An organization representing more than 120 Michigan gyms has filed a lawsuit against the state to protest continued closures from the coronavirus pandemic.
The lawsuit, filed Friday by the League of Independent Fitness Facilities and Trainers, names Gov. Gretchen Whitmer and Robert Gordon, the director of the Michigan Department of Health and Human Services. It alleges that the executive orders shutting down gyms are “broad and overreaching” and “not narrowly tailored to their purpose, as required under constitutional law,” according to a statement from LIFFT.
“To date, the Governor has not responded to at least three letters sent by the industry that outlined very specific measures that will allow gyms to reopen safely,” Scott Erskine, lead attorney in the case, said in a statement. “My clients have stressed that they know how to open safely, and are committed to doing so. It is nonsensical that an industry that is in such a unique position to bolster the physical and emotional health of Michiganders remains completely closed, while many other sectors (including restaurants and bars) are permitted to open.”

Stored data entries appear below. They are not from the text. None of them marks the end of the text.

(* For any based space $(X,x_0)$, the topology of $\pi_1^{\tau}(X,x_0)$ is the finest group topology on $\pi_1(X,x_0)$ for which the map $\pi:\Omega(X,x_0)\to\pi_1(X,x_0)$, $\alpha\mapsto[\alpha]$, is continuous. Equivalently, if $\Phi:\pi_1(X,x_0)\to G$ is a homomorphism to a topological group $G$ such that $\Phi\circ\pi:\Omega(X,x_0)\to G$ is continuous, then $\Phi:\pi_1^{\tau}(X,x_0)\to G$ is continuous.
   Context: $\Omega(X,x_0)$ is the space of loops at $x_0$ with the compact-open topology. $\pi_1^{qtop}(X,x_0)$ is $\pi_1(X,x_0)$ with the quotient topology with respect to $\pi$. $F_M(S)$ is the free (Markov) topological group on a space $S$. For a group with (arbitrary) topology $G$, $\tau(G)$ is $G$ with the quotient topology with respect to the multiplication epimorphism $m_G:F_M(G)\to G$ sending each generator $g$ to $g$. $\pi_1^{\tau}(X,x_0)=\tau(\pi_1^{qtop}(X,x_0))$. *)

theory Defs
  imports "HOL-Analysis.Analysis" "HOL-Algebra.Group"
begin

definition group_topology :: "('g, 'b) monoid_scheme \<Rightarrow> 'g topology \<Rightarrow> bool" where
  "group_topology G T \<longleftrightarrow> group G \<and> topspace T = carrier G
     \<and> continuous_map (prod_topology T T) T (\<lambda>(x, y). x \<otimes>\<^bsub>G\<^esub> y)
     \<and> continuous_map T T (\<lambda>x. inv\<^bsub>G\<^esub> x)"

text \<open>Loops are represented as functions on [0,1], extensional (undefined outside [0,1]).\<close>

definition loop_space :: "'a topology \<Rightarrow> 'a \<Rightarrow> (real \<Rightarrow> 'a) set" where
  "loop_space X x0 = {g. pathin X g \<and> g 0 = x0 \<and> g 1 = x0 \<and> g \<in> extensional {0..1}}"

definition loop_space_top :: "'a topology \<Rightarrow> 'a \<Rightarrow> (real \<Rightarrow> 'a) topology" where
  "loop_space_top X x0 = topology_generated_by
     {{g \<in> loop_space X x0. g ` K \<subseteq> U} | K U.
        compactin (subtopology euclideanreal {0..1}) K \<and> openin X U}"

definition loop_homotopic :: "'a topology \<Rightarrow> 'a \<Rightarrow> (real \<Rightarrow> 'a) \<Rightarrow> (real \<Rightarrow> 'a) \<Rightarrow> bool" where
  "loop_homotopic X x0 f g \<longleftrightarrow>
     homotopic_with (\<lambda>h. h 0 = x0 \<and> h 1 = x0) (subtopology euclideanreal {0..1}) X f g"

definition loop_class :: "'a topology \<Rightarrow> 'a \<Rightarrow> (real \<Rightarrow> 'a) \<Rightarrow> (real \<Rightarrow> 'a) set" where
  "loop_class X x0 f = {g \<in> loop_space X x0. loop_homotopic X x0 f g}"

text \<open>Concatenation of loops (same formula as joinpaths, for arbitrary point types).\<close>
definition loop_concat :: "(real \<Rightarrow> 'a) \<Rightarrow> (real \<Rightarrow> 'a) \<Rightarrow> (real \<Rightarrow> 'a)" where
  "loop_concat f g = restrict (\<lambda>t. if t \<le> 1/2 then f (2 * t) else g (2 * t - 1)) {0..1}"

definition fundamental_group :: "'a topology \<Rightarrow> 'a \<Rightarrow> ((real \<Rightarrow> 'a) set) monoid" where
  "fundamental_group X x0 =
     \<lparr> carrier = loop_class X x0 ` loop_space X x0,
       mult = (\<lambda>A B. loop_class X x0
                 (loop_concat (SOME f. f \<in> A) (SOME g. g \<in> B))),
       one = loop_class X x0 (restrict (\<lambda>t. x0) {0..1}) \<rparr>"

definition pi1_qtop :: "'a topology \<Rightarrow> 'a \<Rightarrow> ((real \<Rightarrow> 'a) set) topology" where
  "pi1_qtop X x0 = topology (\<lambda>U. U \<subseteq> carrier (fundamental_group X x0) \<and>
      openin (loop_space_top X x0) {g \<in> loop_space X x0. loop_class X x0 g \<in> U})"

text \<open>Words: letters (True, x) = x, (False, x) = x^{-1}.\<close>
definition reduce_word :: "(bool \<times> 's) list \<Rightarrow> (bool \<times> 's) list" where
  "reduce_word w = foldr (\<lambda>l acc. case acc of [] \<Rightarrow> [l]
      | l' # acc' \<Rightarrow> (if snd l = snd l' \<and> fst l \<noteq> fst l' then acc' else l # acc)) w []"

definition reduced_word :: "(bool \<times> 's) list \<Rightarrow> bool" where
  "reduced_word w \<longleftrightarrow> (\<forall>i. Suc i < length w \<longrightarrow>
      \<not> (snd (w ! i) = snd (w ! Suc i) \<and> fst (w ! i) \<noteq> fst (w ! Suc i)))"

definition free_group :: "'s set \<Rightarrow> ((bool \<times> 's) list) monoid" where
  "free_group S = \<lparr> carrier = {w. reduced_word w \<and> snd ` set w \<subseteq> S},
                    mult = (\<lambda>v w. reduce_word (v @ w)),
                    one = [] \<rparr>"

definition free_gen :: "'s \<Rightarrow> (bool \<times> 's) list" where
  "free_gen x = [(True, x)]"

text \<open>F_M(S): the free group on the points of S with the finest group topology making
  the canonical map S to F(S) continuous (equivalently, the Markov universal property).\<close>
definition free_top_group :: "'s topology \<Rightarrow> ((bool \<times> 's) list) topology" where
  "free_top_group S = topology_generated_by
     (\<Union> {Collect (openin T) | T. group_topology (free_group (topspace S)) T
                                  \<and> continuous_map S T free_gen})"

definition word_mult :: "('g, 'b) monoid_scheme \<Rightarrow> (bool \<times> 'g) list \<Rightarrow> 'g" where
  "word_mult G w = foldr (\<lambda>(b, x) acc. (if b then x else inv\<^bsub>G\<^esub> x) \<otimes>\<^bsub>G\<^esub> acc) w \<one>\<^bsub>G\<^esub>"

definition tau_top :: "('g, 'b) monoid_scheme \<Rightarrow> 'g topology \<Rightarrow> 'g topology" where
  "tau_top G T = topology (\<lambda>U. U \<subseteq> carrier G \<and>
      openin (free_top_group T) {w \<in> carrier (free_group (carrier G)). word_mult G w \<in> U})"

definition pi1_tau :: "'a topology \<Rightarrow> 'a \<Rightarrow> ((real \<Rightarrow> 'a) set) topology" where
  "pi1_tau X x0 = tau_top (fundamental_group X x0) (pi1_qtop X x0)"

end

theory Submission
  imports Defs
begin

text \<open>
  Write G = pi_1(X,x0), Q = pi_1^qtop(X,x0), and m_G : F_M(Q) \<rightarrow> G for the multiplication
  epimorphism, so that pi_1^tau(X,x0) = tau(G) is the quotient topology of m_G.

  The heart of the proof does not mention loops: for any group G and any topology Q on
  its carrier, tau(G) is the finest group topology on G that is coarser than Q.
  (1) It is a group topology, since the quotient of a topological group by a surjective
      homomorphism is a topological group (the homomorphism is open, so m x m is again a
      quotient map and multiplication descends).
  (2) It is coarser than Q, since the generators Q \<rightarrow> F_M(Q) vary continuously and m_G
      fixes them.
  (3) It is the finest such: the pullback of a coarser group topology T along m_G is a
      group topology on the free group in which the generators are continuous, hence it is
      coarser than F_M(Q), which means exactly that T is coarser than tau(G).
  Since Q is the quotient topology of pi, a topology on G makes pi continuous iff it is
  coarser than Q; this is the first half of the theorem. The universal property for a
  homomorphism Phi into a topological group follows by applying it to the pullback of the
  target topology along Phi.
\<close>

subsection \<open>Quotient topologies\<close>

text \<open>The quotient topology on a set B induced by a map m from a subset A of a space F:
  a subset of B is open iff its preimage is open. Both pi_1^qtop and tau are of this form.\<close>
definition quotient_top :: "'h set \<Rightarrow> 'h topology \<Rightarrow> ('h \<Rightarrow> 'g) \<Rightarrow> 'g set \<Rightarrow> 'g topology" where
  "quotient_top A F m B = topology (\<lambda>U. U \<subseteq> B \<and> openin F {w \<in> A. m w \<in> U})"

lemma istopology_quotient_top: "istopology (\<lambda>U. U \<subseteq> B \<and> openin F {w \<in> A. m w \<in> U})"
  unfolding istopology_def
proof (rule conjI; intro allI impI)
  fix S T assume "S \<subseteq> B \<and> openin F {w \<in> A. m w \<in> S}" "T \<subseteq> B \<and> openin F {w \<in> A. m w \<in> T}"
  moreover have "{w \<in> A. m w \<in> S \<inter> T} = {w \<in> A. m w \<in> S} \<inter> {w \<in> A. m w \<in> T}" by auto
  ultimately show "S \<inter> T \<subseteq> B \<and> openin F {w \<in> A. m w \<in> S \<inter> T}" by auto
next
  fix K assume K: "\<forall>S\<in>K. S \<subseteq> B \<and> openin F {w \<in> A. m w \<in> S}"
  have "{w \<in> A. m w \<in> \<Union>K} = (\<Union>S\<in>K. {w \<in> A. m w \<in> S})" by auto
  moreover have "openin F (\<Union>S\<in>K. {w \<in> A. m w \<in> S})"
    using K by (intro openin_Union) auto
  ultimately show "\<Union>K \<subseteq> B \<and> openin F {w \<in> A. m w \<in> \<Union>K}" using K by auto
qed

lemma openin_quotient_top:
  "openin (quotient_top A F m B) U \<longleftrightarrow> U \<subseteq> B \<and> openin F {w \<in> A. m w \<in> U}"
  unfolding quotient_top_def topology_inverse'[OF istopology_quotient_top] ..

lemma quotient_map_quotient_top:
  assumes A: "A = topspace F" and onto: "m ` A = B"
  shows "quotient_map F (quotient_top A F m B) m"
proof -
  let ?Q = "quotient_top A F m B"
  have "{w \<in> A. m w \<in> B} = topspace F" using A onto by auto
  then have "openin ?Q B" by (simp add: openin_quotient_top)
  then have "B \<subseteq> topspace ?Q" by (rule openin_subset)
  moreover have "topspace ?Q \<subseteq> B"
    using openin_quotient_top[of A F m B "topspace ?Q"] by simp
  ultimately have "topspace ?Q = B" by blast
  then show ?thesis
    unfolding quotient_map_def using A onto by (auto simp: openin_quotient_top)
qed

Gyms and other exercise facilities are currently not explicitly included in Whitmer’s MI Safe Start plan, which details how and when different industries can open. The fitness industry has been closed since the first executive order that included restaurants and bars, LIFFT said.
Erskine said there is “no data or science” that justifies keeping the fitness industry closed, especially since it “helps people suffering from stress, isolation, depression and anxiety.” He said that most anecdotal evidence cited to keep gyms closed involves people breathing heavier and sweating.
“If all industries where breathing hard and sweating are shut down indefinitely, then singing, dancing, cheering on your favorite sports team (even in a bar), and loud talking must also be banned across the state,” Erskine said.
Erskine also cited concerns about deaths of despair, as well as Constitutional rights.
“My clients are not Republicans or Democrats, they are people who have dedicated their lives to helping their members combat the same exact problems that Michiganders are facing in spades during this pandemic,” Erskine said. “Not one of my clients are saying that they should return to business as usual. My clients know that gyms can re-open as safely as any other business, with very narrowly tailored measures in place.”
Whitmer announced last week that auto dealerships and retail businesses were able to open on Tuesday by appointment. She also lifted restrictions on nonessential medical, dental and veterinary procedures.